» Work order
After reading the entries below, copy word for word the lines from the first through the line containing "E \<longleftrightarrow> (\<exists>t", and stop there.

Stored data
(* Let $E$ be a real non-zero essential matrix and let $(R_a, R_b)$ be its twisted pair of rotations. Suppose that for some $\tau \in [-1,3]$, $$\frac{1}{2}(\tau^2 - 1)\operatorname{tr}(EE^{\mathrm T}) + (\tau + 1)\operatorname{tr}(E^2) - \tau\,(\operatorname{tr} E)^2 = 0.$$ Then $\tau = \operatorname{tr} R_a$ or $\tau = \operatorname{tr} R_b$.
   Context: For a 3-vector $a$, $[a]_\times$ denotes the $3\times 3$ skew-symmetric matrix with $[a]_\times b = a\times b$ for every $b$. An essential matrix is a matrix of the form $E = [t]_\times R$ with $R\in\mathrm{SO}(3)$ and $t\in\mathbb{R}^3$. For a real non-zero essential matrix $E$, the twisted pair of rotations is the pair $R_a, R_b \in \mathrm{SO}(3)$ defined as follows. Write $E = [t]_\times R_a$ with $t \neq 0$, and set $R_b = \left(\frac{2tt^{\mathrm T}}{\|t\|^2} - I\right) R_a$. Then $E \sim [t]_\times R_b$, where $\sim$ denotes equality up to a non-zero scalar factor. Moreover, $R_a$ and $R_b$ are exactly the rotations $R$ for which $E \sim [t']_\times R$ for some $t'\in\mathbb{R}^3$. *)

theory Defs
  imports "HOL-Analysis.Analysis"
begin

definition skew :: "real^3 \<Rightarrow> real^3^3" where
  "skew a = matrix (\<lambda>b. cross3 a b)"

definition essential :: "real^3^3 \<Rightarrow> bool" where
  "essential E \<longleftrightarrow> (\<exists>t R. rotation_matrix R \<and> E = skew t ** R)"

definition twist :: "real^3 \<Rightarrow> real^3^3 \<Rightarrow> real^3^3" where
  "twist t Ra = ((\<chi> i j. 2 * (t$i) * (t$j) / (norm t)^2) - mat 1) ** Ra"

end

theory Submission
  imports Defs
begin

text \<open>With s = |t|^2, p = t^T R_a t and a = tr R_a, a coordinate computation using
  R_a^T R_a = I and det R_a = 1 gives tr(E E^T) = 2s, tr(E^2) - (tr E)^2 = -2p and
  tr(E^2) = s + 2ap - s a^2, while s tr R_b = 2p - s a. Substituting, the left-hand side of
  the hypothesis factors as s (\<tau> - tr R_a)(\<tau> - tr R_b), so it vanishes only at the two
  traces.\<close>

lemma skew_entries: "skew t = (\<chi> i j. if i=1 then (if j=1 then 0 else if j=2 then -(t$3) else t$2)
  else if i=2 then (if j=1 then t$3 else if j=2 then 0 else -(t$1))
  else (if j=1 then -(t$2) else if j=2 then t$1 else 0))"
  unfolding skew_def matrix_def
  by (simp add: vec_eq_iff forall_3 cross3_def axis_def vector_def)

lemma trace_3: "trace (A::real^3^3) = A$1$1 + A$2$2 + A$3$3"
  by (simp add: trace_def sum_3)

lemma matrix_mult_3: "((A::real^3^3) ** B)$i$j = A$i$1*B$1$j + A$i$2*B$2$j + A$i$3*B$3$j"
  by (simp add: matrix_matrix_mult_def sum_3)

lemma skew_0: "skew 0 = 0"
  by (simp add: skew_def matrix_def vec_eq_iff)

lemma orthogonal_matrix_3_entries:
  fixes R :: "real^3^3"
  assumes "orthogonal_matrix R"
  shows "R$1$1*R$1$1+R$2$1*R$2$1+R$3$1*R$3$1 = 1"
    "R$1$1*R$1$2+R$2$1*R$2$2+R$3$1*R$3$2 = 0"
    "R$1$1*R$1$3+R$2$1*R$2$3+R$3$1*R$3$3 = 0"
    "R$1$2*R$1$2+R$2$2*R$2$2+R$3$2*R$3$2 = 1"
    "R$1$2*R$1$3+R$2$2*R$2$3+R$3$2*R$3$3 = 0"
    "R$1$3*R$1$3+R$2$3*R$2$3+R$3$3*R$3$3 = 1"
  using assms[unfolded orthogonal_matrix_def] unfolding vec_eq_iff
  by (simp_all add: matrix_mult_3 transpose_def mat_def forall_3)

text \<open>det R = 1 matters: for an orthogonal R with det R = -1 the right-hand side changes sign.\<close>

lemma trace_square_minus_square_trace_skew_rotation:
  assumes "rotation_matrix R"
  shows "trace (skew t ** R ** (skew t ** R)) - (trace (skew t ** R))^2 = -2 * (t \<bullet> (R *v t))"
proof -
  have o: "orthogonal_matrix R" and d: "det R = 1" using assms by (auto simp: rotation_matrix_def)
  show ?thesis
    using orthogonal_matrix_3_entries[OF o] d
    by (simp add: det_3 trace_3 matrix_mult_3 skew_entries inner_vec_def matrix_vector_mult_def sum_3) algebra
qed

lemma trace_square_skew_rotation:
  assumes "rotation_matrix R"
  shows "trace (skew t ** R ** (skew t ** R))
    = t \<bullet> t + 2 * trace R * (t \<bullet> (R *v t)) - (t \<bullet> t) * (trace R)^2"
proof -
  have o: "orthogonal_matrix R" and d: "det R = 1" using assms by (auto simp: rotation_matrix_def)
  show ?thesis
    using orthogonal_matrix_3_entries[OF o] d
    by (simp add: det_3 trace_3 matrix_mult_3 skew_entries inner_vec_def matrix_vector_mult_def sum_3) algebra
qed

lemma trace_skew_mult_transpose:
  assumes "orthogonal_matrix R"
  shows "trace (skew t ** R ** transpose (skew t ** R)) = 2 * (t \<bullet> t)"
proof -
  have "skew t ** R ** transpose (skew t ** R) = skew t ** (R ** transpose R) ** transpose (skew t)"
    by (simp add: matrix_transpose_mul matrix_mul_assoc)
  also have "\<dots> = skew t ** transpose (skew t)"
    using assms by (simp add: orthogonal_matrix_def)
  finally show ?thesis
    by (simp add: trace_3 matrix_mult_3 skew_entries transpose_def inner_vec_def sum_3
        power2_eq_square algebra_simps)
qed

lemma matrix_diff_rdistrib: "((A::'a::ring_1^'n^'m) - B) ** C = A ** C - B ** C"
  by (simp add: matrix_matrix_mult_def vec_eq_iff sum_subtractf algebra_simps)

text \<open>For t = 0 both sides are -tr R, because division by zero yields 0.\<close>

lemma trace_twist: "trace (twist t R) = 2 * (t \<bullet> (R *v t)) / (t \<bullet> t) - trace R"
proof -
  have "trace ((\<chi> i j. 2 * (t$i) * (t$j) / (norm t)^2) ** R) = 2 * (t \<bullet> (R *v t)) / (t \<bullet> t)"
    by (simp add: trace_3 matrix_mult_3 inner_vec_def matrix_vector_mult_def sum_3
        power2_norm_eq_inner add_divide_distrib algebra_simps)
  then show ?thesis
    by (simp add: twist_def matrix_diff_rdistrib trace_sub)
qed

lemma trace_polynomial_skew_rotation_eq:
  fixes t :: "real^3" and R :: "real^3^3" and \<tau> :: real
  assumes "rotation_matrix R"
  defines "E \<equiv> skew t ** R"
  shows "(1/2) * (\<tau>^2 - 1) * trace (E ** transpose E) + (\<tau> + 1) * trace (E ** E) - \<tau> * (trace E)^2
    = (t \<bullet> t) * (\<tau> - trace R) * (\<tau> - trace (twist t R))"
proof (cases "t = 0")
  case True
  then show ?thesis
    by (simp add: E_def skew_0 trace_def)
next
  case False
  define s where "s = t \<bullet> t"
  define p where "p = t \<bullet> (R *v t)"
  have "s \<noteq> 0"
    using False by (simp add: s_def)
  then have twist: "s * trace (twist t R) = 2 * p - s * trace R"
    by (simp add: trace_twist s_def p_def field_simps)
  have "orthogonal_matrix R"
    using assms(1) by (simp add: rotation_matrix_def)
  then have "trace (E ** transpose E) = 2 * s"
    by (simp add: E_def s_def trace_skew_mult_transpose)
  moreover have "(trace E)^2 = trace (E ** E) + 2 * p"
    using trace_square_minus_square_trace_skew_rotation[OF assms(1), of t] by (simp add: E_def p_def)
  moreover have "trace (E ** E) = s + 2 * trace R * p - s * (trace R)^2"
    using trace_square_skew_rotation[OF assms(1), of t] by (simp add: E_def s_def p_def)
  ultimately show ?thesis
    using twist by (simp add: s_def[symmetric]) algebra
qed

theorem proposition2:
  fixes E :: "real^3^3" and t :: "real^3" and Ra :: "real^3^3" and \<tau> :: real
  assumes "essential E" and "E \<noteq> 0"
    and "t \<noteq> 0" and "rotation_matrix Ra" and "E = skew t ** Ra"
    and "-1 \<le> \<tau>" and "\<tau> \<le> 3"
    and "(1/2) * (\<tau>^2 - 1) * trace (E ** transpose E) + (\<tau> + 1) * trace (E ** E)
           - \<tau> * (trace E)^2 = 0"
  shows "\<tau> = trace Ra \<or> \<tau> = trace (twist t Ra)"
proof -
  have "(t \<bullet> t) * (\<tau> - trace Ra) * (\<tau> - trace (twist t Ra)) = 0"
    using assms(8) trace_polynomial_skew_rotation_eq[OF assms(4), where t = t and \<tau> = \<tau>]
    by (simp add: assms(5))
  then show ?thesis
    using assms(3) by simp
qed

end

» Task answer
(* Let $E$ be a real non-zero essential matrix and let $(R_a, R_b)$ be its twisted pair of rotations. Suppose that for some $\tau \in [-1,3]$, $$\frac{1}{2}(\tau^2 - 1)\operatorname{tr}(EE^{\mathrm T}) + (\tau + 1)\operatorname{tr}(E^2) - \tau\,(\operatorname{tr} E)^2 = 0.$$ Then $\tau = \operatorname{tr} R_a$ or $\tau = \operatorname{tr} R_b$.
   Context: For a 3-vector $a$, $[a]_\times$ denotes the $3\times 3$ skew-symmetric matrix with $[a]_\times b = a\times b$ for every $b$. An essential matrix is a matrix of the form $E = [t]_\times R$ with $R\in\mathrm{SO}(3)$ and $t\in\mathbb{R}^3$. For a real non-zero essential matrix $E$, the twisted pair of rotations is the pair $R_a, R_b \in \mathrm{SO}(3)$ defined as follows. Write $E = [t]_\times R_a$ with $t \neq 0$, and set $R_b = \left(\frac{2tt^{\mathrm T}}{\|t\|^2} - I\right) R_a$. Then $E \sim [t]_\times R_b$, where $\sim$ denotes equality up to a non-zero scalar factor. Moreover, $R_a$ and $R_b$ are exactly the rotations $R$ for which $E \sim [t']_\times R$ for some $t'\in\mathbb{R}^3$. *)

theory Defs
  imports "HOL-Analysis.Analysis"
begin

definition skew :: "real^3 \<Rightarrow> real^3^3" where
  "skew a = matrix (\<lambda>b. cross3 a b)"

definition essential :: "real^3^3 \<Rightarrow> bool" where
  "essential E \<longleftrightarrow> (\<exists>t R. rotation_matrix R \<and> E = skew t ** R)"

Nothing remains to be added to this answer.